WORK REQUIRED => Take the data below and extract the lines from the one with "by (simp add: subf_def frobenius_diff)" to the one with "by (auto simp: subf_def", inclusive, exactly as written.

SUPPLIED DATA =>
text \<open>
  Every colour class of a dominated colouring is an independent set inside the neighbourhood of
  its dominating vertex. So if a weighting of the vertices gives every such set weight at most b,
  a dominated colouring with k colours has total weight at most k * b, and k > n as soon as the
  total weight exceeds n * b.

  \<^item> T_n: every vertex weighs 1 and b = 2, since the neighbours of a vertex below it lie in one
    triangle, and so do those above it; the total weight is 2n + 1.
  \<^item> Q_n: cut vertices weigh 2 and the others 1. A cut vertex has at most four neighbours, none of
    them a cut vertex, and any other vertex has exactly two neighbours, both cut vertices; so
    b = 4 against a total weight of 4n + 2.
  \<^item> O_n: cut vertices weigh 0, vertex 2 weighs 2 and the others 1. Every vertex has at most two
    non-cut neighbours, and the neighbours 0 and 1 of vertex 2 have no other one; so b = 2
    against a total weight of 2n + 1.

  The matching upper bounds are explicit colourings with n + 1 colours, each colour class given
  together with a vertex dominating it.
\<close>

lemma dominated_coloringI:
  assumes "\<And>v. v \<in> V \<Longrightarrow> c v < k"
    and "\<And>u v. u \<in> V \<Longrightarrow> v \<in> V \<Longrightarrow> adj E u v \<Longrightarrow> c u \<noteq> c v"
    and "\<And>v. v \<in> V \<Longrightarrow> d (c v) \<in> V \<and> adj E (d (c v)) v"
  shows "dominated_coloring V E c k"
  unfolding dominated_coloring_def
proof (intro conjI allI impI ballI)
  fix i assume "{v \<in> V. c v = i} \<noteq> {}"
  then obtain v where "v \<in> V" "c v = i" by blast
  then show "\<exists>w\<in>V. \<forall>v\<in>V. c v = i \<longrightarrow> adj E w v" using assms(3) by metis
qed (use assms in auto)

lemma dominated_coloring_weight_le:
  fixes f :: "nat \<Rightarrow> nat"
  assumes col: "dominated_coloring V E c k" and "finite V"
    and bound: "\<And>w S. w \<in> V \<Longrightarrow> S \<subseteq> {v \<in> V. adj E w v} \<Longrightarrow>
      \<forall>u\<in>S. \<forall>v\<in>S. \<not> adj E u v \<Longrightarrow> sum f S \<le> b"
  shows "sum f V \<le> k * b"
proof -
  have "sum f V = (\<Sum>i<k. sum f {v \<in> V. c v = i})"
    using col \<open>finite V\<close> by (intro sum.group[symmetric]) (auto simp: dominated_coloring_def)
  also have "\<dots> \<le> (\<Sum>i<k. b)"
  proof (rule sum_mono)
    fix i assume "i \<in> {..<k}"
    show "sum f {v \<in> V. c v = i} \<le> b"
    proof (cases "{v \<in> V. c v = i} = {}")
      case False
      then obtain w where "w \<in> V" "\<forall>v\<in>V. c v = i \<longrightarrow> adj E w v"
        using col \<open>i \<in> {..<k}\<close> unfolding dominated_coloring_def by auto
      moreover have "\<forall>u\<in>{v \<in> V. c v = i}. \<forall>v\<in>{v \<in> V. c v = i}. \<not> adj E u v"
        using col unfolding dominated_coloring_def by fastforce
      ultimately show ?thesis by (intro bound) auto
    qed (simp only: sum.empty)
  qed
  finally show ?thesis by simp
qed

...

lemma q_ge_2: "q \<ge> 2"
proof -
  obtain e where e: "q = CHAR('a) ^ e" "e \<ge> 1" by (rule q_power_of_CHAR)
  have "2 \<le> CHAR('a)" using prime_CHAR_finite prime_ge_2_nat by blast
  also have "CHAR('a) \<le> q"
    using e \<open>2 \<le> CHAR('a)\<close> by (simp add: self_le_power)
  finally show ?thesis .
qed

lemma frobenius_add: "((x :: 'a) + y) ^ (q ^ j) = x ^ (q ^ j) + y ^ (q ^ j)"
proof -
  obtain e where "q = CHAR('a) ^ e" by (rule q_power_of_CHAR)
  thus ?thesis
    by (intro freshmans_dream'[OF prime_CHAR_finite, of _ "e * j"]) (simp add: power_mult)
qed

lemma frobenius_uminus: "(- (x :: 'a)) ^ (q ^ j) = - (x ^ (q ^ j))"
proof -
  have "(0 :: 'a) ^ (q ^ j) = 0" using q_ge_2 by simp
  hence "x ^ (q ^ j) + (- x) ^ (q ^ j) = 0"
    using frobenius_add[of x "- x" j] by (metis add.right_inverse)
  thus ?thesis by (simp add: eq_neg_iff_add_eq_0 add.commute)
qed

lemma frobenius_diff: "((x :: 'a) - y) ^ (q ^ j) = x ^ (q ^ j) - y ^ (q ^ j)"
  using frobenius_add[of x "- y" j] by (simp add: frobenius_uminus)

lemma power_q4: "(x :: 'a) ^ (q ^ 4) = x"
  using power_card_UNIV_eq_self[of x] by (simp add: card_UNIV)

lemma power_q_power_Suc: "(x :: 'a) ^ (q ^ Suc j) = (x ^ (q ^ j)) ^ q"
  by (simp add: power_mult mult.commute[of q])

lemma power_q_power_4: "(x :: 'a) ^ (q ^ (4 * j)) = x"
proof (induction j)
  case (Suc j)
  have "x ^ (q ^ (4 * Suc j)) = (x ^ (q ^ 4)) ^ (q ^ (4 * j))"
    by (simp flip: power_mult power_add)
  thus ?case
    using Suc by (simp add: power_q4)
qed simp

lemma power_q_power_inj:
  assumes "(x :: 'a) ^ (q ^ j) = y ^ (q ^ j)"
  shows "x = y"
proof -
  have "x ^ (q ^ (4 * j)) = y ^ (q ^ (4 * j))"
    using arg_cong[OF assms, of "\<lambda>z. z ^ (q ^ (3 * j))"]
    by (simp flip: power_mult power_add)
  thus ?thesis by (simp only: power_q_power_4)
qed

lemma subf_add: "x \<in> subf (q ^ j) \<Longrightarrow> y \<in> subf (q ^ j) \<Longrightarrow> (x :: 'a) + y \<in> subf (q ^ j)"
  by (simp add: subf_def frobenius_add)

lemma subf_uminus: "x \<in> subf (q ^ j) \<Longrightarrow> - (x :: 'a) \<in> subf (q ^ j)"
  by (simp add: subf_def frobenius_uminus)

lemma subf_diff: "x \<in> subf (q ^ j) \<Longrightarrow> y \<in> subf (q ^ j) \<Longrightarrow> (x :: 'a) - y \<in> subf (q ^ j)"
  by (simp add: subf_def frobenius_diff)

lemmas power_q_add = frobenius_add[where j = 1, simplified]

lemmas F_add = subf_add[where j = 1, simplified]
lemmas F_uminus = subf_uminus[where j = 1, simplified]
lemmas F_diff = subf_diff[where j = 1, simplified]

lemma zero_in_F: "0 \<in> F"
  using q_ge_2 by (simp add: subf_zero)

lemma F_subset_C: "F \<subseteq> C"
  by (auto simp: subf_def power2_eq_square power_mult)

REPLY TO THE TASK =>
  by (simp add: subf_def frobenius_diff)

lemmas power_q_add = frobenius_add[where j = 1, simplified]

lemmas F_add = subf_add[where j = 1, simplified]
lemmas F_uminus = subf_uminus[where j = 1, simplified]
lemmas F_diff = subf_diff[where j = 1, simplified]

lemma zero_in_F: "0 \<in> F"
  using q_ge_2 by (simp add: subf_zero)

lemma F_subset_C: "F \<subseteq> C"
  by (auto simp: subf_def power2_eq_square power_mult)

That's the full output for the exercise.